Janey - Interview 03

Age at interview: 52
Age at diagnosis: 29
Brief Outline:

At 29 Janey was diagnosed with schizophrenia. Janey had a lonely adolescence, thinking she 'got it worst than most'. In her twenties things 'blew up in her face', and she was admitted to hospital a lot. She now manages her condition and works for Rethink

Background:

Janey is a mental health trainer, married and living with her husband. Ethnic Background' White British.

More about me...

When Janey was seven, she noticed that she ‘couldn’t get comfortable in her body’ and called it heat stroke. Having had depression since, she thought that this was probably depression. Janey had a lonely adolescence and didn’t really have any friends at school. She would spend hours going for walks to get rid of the feelings inside her. She had talked to her GP about it and was referred to secondary services. Janey felt relieved when she went to university as she felt she could be who she wanted to be. After having had a chaotic first year at university, she attempted to take her own life. Two friends took her to the campus doctor, who in turn referred her to a psychiatrist, but she managed to persuade him that there was nothing wrong with her. Occasionally things would get out of control but she had periods of calm, such as when she was in hospital to have her tonsils removed. At this stage, she was hearing voices but did not tell anyone. Janey then went to America for three years and remembers feeling depressed but not psychotic. When she returned to the UK she became unwell, seeing things that weren’t there, feeling depressed and hearing voices constantly. Janey heard from 4-6 voices, talking to each other about her. These voices were often rude and degrading. She went to her GP and was given anti-depressants when she wanted a tranquilizer. Around Christmastime she took an overdose and was driven to hospital. She was persuaded by a psychiatrist and the registrar to be admitted to psychiatric hospital voluntarily, under the threat of a section. At this stage, she was still on anti-depressants and hadn’t told anyone about hearing voices, so within four days she was out of hospital, but after a month she returned. This pattern of re-admittance became chronic. Janey would see little people, like demons, at her workplace, and once threw a cup at one; this was noted by her colleagues. After a period of time, both she and her husband assumed she was going to improve, but this wasn’t happening.
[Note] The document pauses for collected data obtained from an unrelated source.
lemma lifted_corners_eq_corners:
  "lifted_corners (lifted_arcs n T) (lifted_spokes n T) x = corners n T (nat (x mod int n))"
proof -
  let ?L = "lifted_arcs n T" and ?r = "nat (x mod int n)"
  have "{i. Spoke i \<in> T \<and> i = ?r} = (if Spoke ?r \<in> T then {?r} else {})"
    by auto
  then have spokes: "card {i. Spoke i \<in> T \<and> i = ?r} = (if x \<in> lifted_spokes n T then 1 else 0)"
    unfolding lifted_spokes_iff by simp
  have "{b. (x, b) \<in> ?L} = (\<lambda>d. x + int d) ` {d. Arc ?r d \<in> T}"
    "{(i, d). Arc i d \<in> T \<and> i = ?r} = Pair ?r ` {d. Arc ?r d \<in> T}"
    unfolding lifted_arcs_iff by auto
  then have arcs_from: "card {b. (x, b) \<in> ?L} = card {(i, d). Arc i d \<in> T \<and> i = ?r}"
    by (simp add: card_image inj_on_def)
  let ?Q = "{(i, d). Arc i d \<in> T \<and> (i + d) mod n = ?r}"
  have "?Q = (\<lambda>a. (nat (a mod int n), nat (x - a))) ` {a. (a, x) \<in> ?L}"
  proof (intro set_eqI iffI)
    fix id
    assume "id \<in> ?Q"
    then obtain i d where id: "id = (i, d)" "Arc i d \<in> T" "(i + d) mod n = ?r"
      by auto
    then have "(x - int d) mod int n = int i"
      using mod_diff_eq_of_add_mod arcs_ok by fastforce
    then show "id \<in> (\<lambda>a. (nat (a mod int n), nat (x - a))) ` {a. (a, x) \<in> ?L}"
      using id unfolding lifted_arcs_iff by (intro image_eqI[of _ _ "x - int d"]) auto
  next
    fix id
    assume "id \<in> (\<lambda>a. (nat (a mod int n), nat (x - a))) ` {a. (a, x) \<in> ?L}"
    then obtain a where a: "(a, x) \<in> ?L" "id = (nat (a mod int n), nat (x - a))"
      by blast
    then obtain d where "Arc (nat (a mod int n)) d \<in> T" "x = a + int d"
      unfolding lifted_arcs_iff by blast
    moreover have "int ((nat (a mod int n) + d) mod n) = x mod int n"
      using calculation(2) n_pos by (simp add: zmod_int mod_add_left_eq)
    ultimately show "id \<in> ?Q"
      using a(2) by auto
  qed
  moreover have "inj_on (\<lambda>a. (nat (a mod int n), nat (x - a))) {a. (a, x) \<in> ?L}"
    unfolding lifted_arcs_iff by (auto simp: inj_on_def)
  ultimately have arcs_to: "card {a. (a, x) \<in> ?L} = card ?Q"
    by (simp add: card_image)
  show ?thesis
    unfolding lifted_corners_def corners_def spokes arcs_from arcs_to by simp
qed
Eventually she admitted to her manager at work that she was hearing voices. After this, but unknown to her at the time, she was given a diagnosis of schizophrenia by her psychiatrists and was prescribed anti-psychotic medication. The first time she heard the diagnosis in relation to herself was when she wanted to get in touch with people who heard voices but had jobs, and her psychiatrist referred her to the National Schizophrenia Fellowship (now called Rethink).
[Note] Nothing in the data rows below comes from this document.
lemma concave_on_exp_neg_sq:
  fixes c x lam :: real
  assumes "0 \<le> c" "8 * c * lam\<^sup>2 \<le> 1" "\<bar>x\<bar> \<le> lam"
  shows "concave_on {-lam..lam} (\<lambda>v. exp (- c * (x - v)\<^sup>2))"
proof -
  have "convex_on {-lam..lam} (\<lambda>v. - exp (- c * (x - v)\<^sup>2))"
  proof (rule f''_ge0_imp_convex)
    show "DERIV (\<lambda>v. - exp (- c * (x - v)\<^sup>2)) v :> - (2 * c * (x - v)) * exp (- c * (x - v)\<^sup>2)"
      for v
      by (rule derivative_eq_intros refl | simp add: power2_eq_square algebra_simps)+
    show "DERIV (\<lambda>v. - (2 * c * (x - v)) * exp (- c * (x - v)\<^sup>2)) v
            :> 2 * c * exp (- c * (x - v)\<^sup>2) * (1 - 2 * c * (x - v)\<^sup>2)" for v
      by (rule derivative_eq_intros refl | simp add: power2_eq_square algebra_simps)+
    fix v
    assume "v \<in> {-lam..lam}"
    then have "(x - v)\<^sup>2 \<le> 4 * lam\<^sup>2"
      using assms(3) by (intro diff_sq_le_4_sq) auto
    then have "2 * c * (x - v)\<^sup>2 \<le> 1"
      using assms(1,2) mult_left_mono[of "(x - v)\<^sup>2" "4 * lam\<^sup>2" "2 * c"] by linarith
    then show "0 \<le> 2 * c * exp (- c * (x - v)\<^sup>2) * (1 - 2 * c * (x - v)\<^sup>2)"
      using assms(1) by simp
  qed simp
  then show ?thesis
    by (simp add: concave_on_def)
qed

lemma exp_neg_sq_jensen:
  fixes q a :: "'b \<Rightarrow> real"
  assumes "finite A" "A \<noteq> {}" "\<forall>i\<in>A. 0 \<le> q i" "sum q A = 1"
    and "\<forall>i\<in>A. \<bar>a i\<bar> \<le> lam" "\<bar>x\<bar> \<le> lam" "0 \<le> c" "8 * c * lam\<^sup>2 \<le> 1"
  shows "(\<Sum>i\<in>A. q i * exp (- c * (x - a i)\<^sup>2)) \<le> exp (- c * (x - (\<Sum>i\<in>A. q i * a i))\<^sup>2)"
proof -
  have "a i \<in> {-lam..lam}" if "i \<in> A" for i
    using assms(5) that by (auto simp: abs_le_iff)
  then show ?thesis
    using concave_on_sum[OF assms(1,2) concave_on_exp_neg_sq[OF assms(7,8,6)] assms(4), of a]
      assms(3) by simp
qed

lemma card_inactive_visits_le_1:
  assumes "S \<in> SS"
  shows "card {t\<in>{1..n}. rho t \<in> S \<and> S \<notin> active SS rho t} \<le> 1"
proof -
  let ?I = "{t\<in>{1..n}. rho t \<in> S \<and> S \<notin> active SS rho t}"
  have no_earlier_visit: "rho t' \<notin> S" if "t \<in> ?I" "1 \<le> t'" "t' < t" for t t'
    using that assms unfolding active_def by (auto split: if_splits)
  have "a = b" if "a \<in> ?I" "b \<in> ?I" for a b
    using no_earlier_visit[OF that(1), of b] no_earlier_visit[OF that(2), of a] that
    by (cases a b rule: linorder_cases) auto
  then show ?thesis
    by (simp add: card_le_Suc0_iff_eq)
qed

lemma sum_the_inv_into_ordering:
  assumes rho: "bij_betw rho {1..N} K" and "S \<subseteq> K"
  shows "(\<Sum>s\<in>S. f (the_inv_into {1..N} rho s)) = (\<Sum>t\<in>{t\<in>{1..N}. rho t \<in> S}. f t)"
proof -
  have "rho ` {t\<in>{1..N}. rho t \<in> S} = S"
    using \<open>S \<subseteq> K\<close> bij_betw_imp_surj_on[OF rho] by blast
  then have "bij_betw rho {t\<in>{1..N}. rho t \<in> S} S"
    by (intro bij_betw_subset[OF rho]) auto
  then have "(\<Sum>s\<in>S. f (the_inv_into {1..N} rho s))
      = (\<Sum>t\<in>{t\<in>{1..N}. rho t \<in> S}. f (the_inv_into {1..N} rho (rho t)))"
    by (rule sum.reindex_bij_betw[symmetric])
  also have "\<dots> = (\<Sum>t\<in>{t\<in>{1..N}. rho t \<in> S}. f t)"
    using bij_betw_imp_inj_on[OF rho] by (intro sum.cong) (auto simp: the_inv_into_f_f)
  finally show ?thesis .
qed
Janey manages her condition with the help of medication, but it has taken a long time to get this medication right, never knowing how it was truly going to affect her until she went back to work. One time she had to sleep on the floor at work as the medication was making her extremely drowsy. Although she is occasionally admitted to hospital, she has developed coping strategies such as making a private space, bringing drawing pencils in and holding onto her belongings in hospital. She has had varying experience of health professionals over the years, and has valued the staff who have taken an interest in her as a person, not just a psychiatric patient, and have enquired about other interests such as her drawing. The staff she has found it more difficult to relate to are those who are unnecessarily controlling and dogmatic about small rules in in-patient wards. She has had good experience of a supportive care coordinator who did what she described as informal counselling. Psychiatrists she has found more difficult as they haven’t always been receptive to talking in detail.
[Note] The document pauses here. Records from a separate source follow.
lemma run_progress:
  "invariant (state n) (history n)
    \<and> (0 < n \<longrightarrow> state n \<noteq> Start \<and> (finished (state n) \<or> real n - 1 \<le> state_potential (state n)))"
proof (induction n)
  case 0
  show ?case by (simp add: state_of_def invariant_def)
next
  case (Suc n)
  define x where "x = next_query e r (state n)"
  have history: "history (Suc n) = history n @ [(x, F x, f x)]"
    by (rule run_walk_query_Suc) (simp add: x_def)
  have state: "state (Suc n) = next_state e r B (state n) x (f x)"
    unfolding history by (rule state_of_snoc)
  have IH: "invariant (state n) (history n)"
    "0 < n \<Longrightarrow> state n \<noteq> Start \<and> (finished (state n) \<or> real n - 1 \<le> state_potential (state n))"
    using Suc.IH by auto
  have "invariant (next_state e r B (state n) x (f x)) (history n @ [(x, F x, f x)])
    \<and> (finished (next_state e r B (state n) x (f x))
      \<or> real n \<le> state_potential (next_state e r B (state n) x (f x)))"
  proof (cases "n = 0")
    case True
    then have "state n = Start"
      by (simp add: state_of_def)
    then show ?thesis
      using start_step[of "history n"] IH(1) True by (simp add: x_def)
  next
    case False
    then have "state n \<noteq> Start" "finished (state n) \<or> real n - 1 \<le> state_potential (state n)"
      using IH(2) by auto
    then show ?thesis
      using next_state_progress[OF IH(1)] unfolding x_def by (auto split: if_splits)
  qed
  then show ?case
    using next_state_not_Start unfolding history state[unfolded history] by simp
qed

lemma state_potential_le:
  assumes "invariant s h" "s \<noteq> Start" "\<not> finished s"
  shows "state_potential s \<le> (real B + 1) * (2 / r + ln (1 + 1 / e) / ln (1 + r) + 1)"
proof -
  define P where "P = 2 / r + ln (1 + 1 / e) / ln (1 + r)"
  have weighted: "(real B + 1) * potential a + (real B + 1) \<le> (real B + 1) * (P + 1)"
    if "0 \<le> a" "a < 1 - e" for a
    using mult_left_mono[OF potential_le[OF that], of "real B + 1"] by (simp add: P_def algebra_simps)
  show ?thesis
  proof (cases s)
    case (Walk a fa)
    then show ?thesis
      using assms potential_le[of a] by (simp add: invariant_def finished_def state_potential_def)
  next
    case (Bisect a fa lo hi fhi k)
    then show ?thesis
      using assms weighted[of a] by (simp add: invariant_def state_potential_def P_def)
  qed (use assms in simp)
qed

lemma walk_query_learns:
  assumes n: "(real B + 1) * (2 / r + ln (1 + 1 / e) / ln (1 + r) + 1) < real n - 1"
  shows "is_cdf (tangent_envelope (history n)) \<and> levy F (tangent_envelope (history n)) \<le> e"
proof -
  have "0 \<le> (real B + 1) * (2 / r + ln (1 + 1 / e) / ln (1 + r) + 1)"
    using r_pos e ln_one_plus_r_pos by simp
  then have "0 < n"
    using n by linarith
  then have inv: "invariant (state n) (history n)" and "state n \<noteq> Start"
    and "finished (state n) \<or> real n - 1 \<le> state_potential (state n)"
    using run_progress[of n] by auto
  then have "finished (state n)"
    using state_potential_le[OF inv] n by fastforce
  then obtain a fa where "state n = Walk a fa" "1 - e \<le> a"
    by (cases "state n") (auto simp: finished_def)
  then have "\<forall>v\<in>{0..<1}. covered f e (history n) v"
    using inv covered_near[of a "history n"] by (auto simp: invariant_def not_less)
  then show ?thesis
    using levy_tangent_envelope_le[OF exact_samples_run] is_cdf_tangent_envelope e by auto
qed

end

section \<open>Query count\<close>

lemma bisection_depth_le:
  fixes \<epsilon> :: real
  assumes \<epsilon>: "0 < \<epsilon>" "\<epsilon> < 1"
  shows "real (nat \<lceil>log 2 (1 / \<epsilon>)\<rceil> + 1) + 1 \<le> 3 * (1 + ln (1 / \<epsilon>))"
proof -
  have "log 2 (1 / \<epsilon>) = ln (1 / \<epsilon>) / ln 2"
    by (simp add: log_def)
  also have "\<dots> \<le> ln (1 / \<epsilon>) / (2 / 3)"
    using ln2_ge_two_thirds \<epsilon> by (intro divide_left_mono) auto
  finally have "log 2 (1 / \<epsilon>) \<le> 3 / 2 * ln (1 / \<epsilon>)"
    by simp
  moreover have "real (nat \<lceil>log 2 (1 / \<epsilon>)\<rceil> + 1) = of_int \<lceil>log 2 (1 / \<epsilon>)\<rceil> + 1"
    using \<epsilon> by simp
  moreover have "0 \<le> ln (1 / \<epsilon>)"
    using \<epsilon> by simp
  ultimately show ?thesis
    using conjunct1[OF ceiling_correct[of "log 2 (1 / \<epsilon>)"]] by argo
qed

lemma ln_one_plus_inverse_le:
  fixes \<epsilon> :: real
  assumes \<epsilon>: "0 < \<epsilon>" "\<epsilon> < 1"
  shows "ln (1 + 1 / \<epsilon>) \<le> 1 + ln (1 / \<epsilon>)"
proof -
  have "ln (1 + 1 / \<epsilon>) \<le> ln (2 / \<epsilon>)"
    using \<epsilon> by (intro ln_mono) (auto simp: field_simps)
  also have "\<dots> = ln 2 + ln (1 / \<epsilon>)"
    using \<epsilon> by (simp add: ln_div)
  finally show ?thesis
    using ln_2_less_1 by linarith
qed

lemma walk_query_budget:
  fixes \<epsilon> :: real
  assumes \<epsilon>: "0 < \<epsilon>" "\<epsilon> < 1"
  defines "B \<equiv> nat \<lceil>log 2 (1 / \<epsilon>)\<rceil> + 1"
  shows "(real B + 1) * (2 / sqrt \<epsilon> + ln (1 + 1 / \<epsilon>) / ln (1 + sqrt \<epsilon>) + 1) + 3
    \<le> 20 * \<epsilon> powr (-1/2) * (1 + ln (1 / \<epsilon>)) ^ 2"
proof -
  define L where "L = ln (1 / \<epsilon>)"
  define s where "s = sqrt \<epsilon>"
  define q where "q = (1 + L) / s"
  have L: "0 \<le> L"
    using \<epsilon> by (simp add: L_def)
  have s: "0 < s" "s \<le> 1"
    using \<epsilon> by (auto simp: s_def)
  have q: "1 \<le> q" "2 / s \<le> 2 * q"
    using L s by (auto simp: q_def field_simps)
  have B: "real B + 1 \<le> 3 * (1 + L)"
    using bisection_depth_le[OF \<epsilon>] by (simp add: B_def L_def)
  have "ln (1 + 1 / \<epsilon>) \<le> 1 + L"
    using ln_one_plus_inverse_le[OF \<epsilon>] by (simp add: L_def)
  then have "ln (1 + 1 / \<epsilon>) / ln (1 + s) \<le> (1 + L) / (s / 2)"
    using ln_one_plus_ge_half[of s] s L by (intro frac_le) auto
  also have "\<dots> = 2 * q"
    by (simp add: q_def)
  finally have inner: "2 / s + ln (1 + 1 / \<epsilon>) / ln (1 + s) + 1 \<le> 5 * q"
    using q by linarith
  have "0 \<le> 2 / s + ln (1 + 1 / \<epsilon>) / ln (1 + s) + 1"
    using \<epsilon> s by simp
  then have "(real B + 1) * (2 / s + ln (1 + 1 / \<epsilon>) / ln (1 + s) + 1) \<le> (3 * (1 + L)) * (5 * q)"
    using B inner by (intro mult_mono) auto
  moreover have "1 \<le> (1 + L) * q"
    using mult_mono[of 1 "1 + L" 1 q] L q by simp
  moreover have "\<epsilon> powr (-1/2) = 1 / s"
    using \<epsilon> by (simp add: s_def powr_minus_divide powr_half_sqrt)
  then have "\<epsilon> powr (-1/2) * (1 + L) ^ 2 = (1 + L) * q"
    by (simp add: q_def power2_eq_square)
  moreover have "(3 * (1 + L)) * (5 * q) = 15 * ((1 + L) * q)"
    by simp
  ultimately show ?thesis
    unfolding s_def[symmetric] L_def[symmetric] by argo
qed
Nowadays she tries not to get stressed, tries to get enough rest, and avoids crowds of people, particularly in noisy places like pubs. In total she has been through 29 different drugs, but does not want to be put onto Clozaril for so-called treatment resistant schizophrenia. She manages voices by tuning in and out of conversations and trying to maintain focus on someone speaking to her. Currently her husband is not involved in her care and prefers his role as a husband as opposed to a carer, having been intensely involved in the past. She prefers to have friends both within and outside mental health. Now Janey works as a trainer, teaching different groups of professionals such as the ambulance services and the police about living with voices. Janey enjoys drawing, singing in a choir, and doing work with Rethink and the Cochrane collaboration.
  Since this interview took place, we have been informed that Janey has sadly died.

Janey couldn't find a 'comfortable way of living', felt a 'nothingness' inside her but her parents thought it was just bad teenager tantrums.

Janey couldn't find a 'comfortable way of living', felt a 'nothingness' inside her but her parents thought it was just bad teenager tantrums.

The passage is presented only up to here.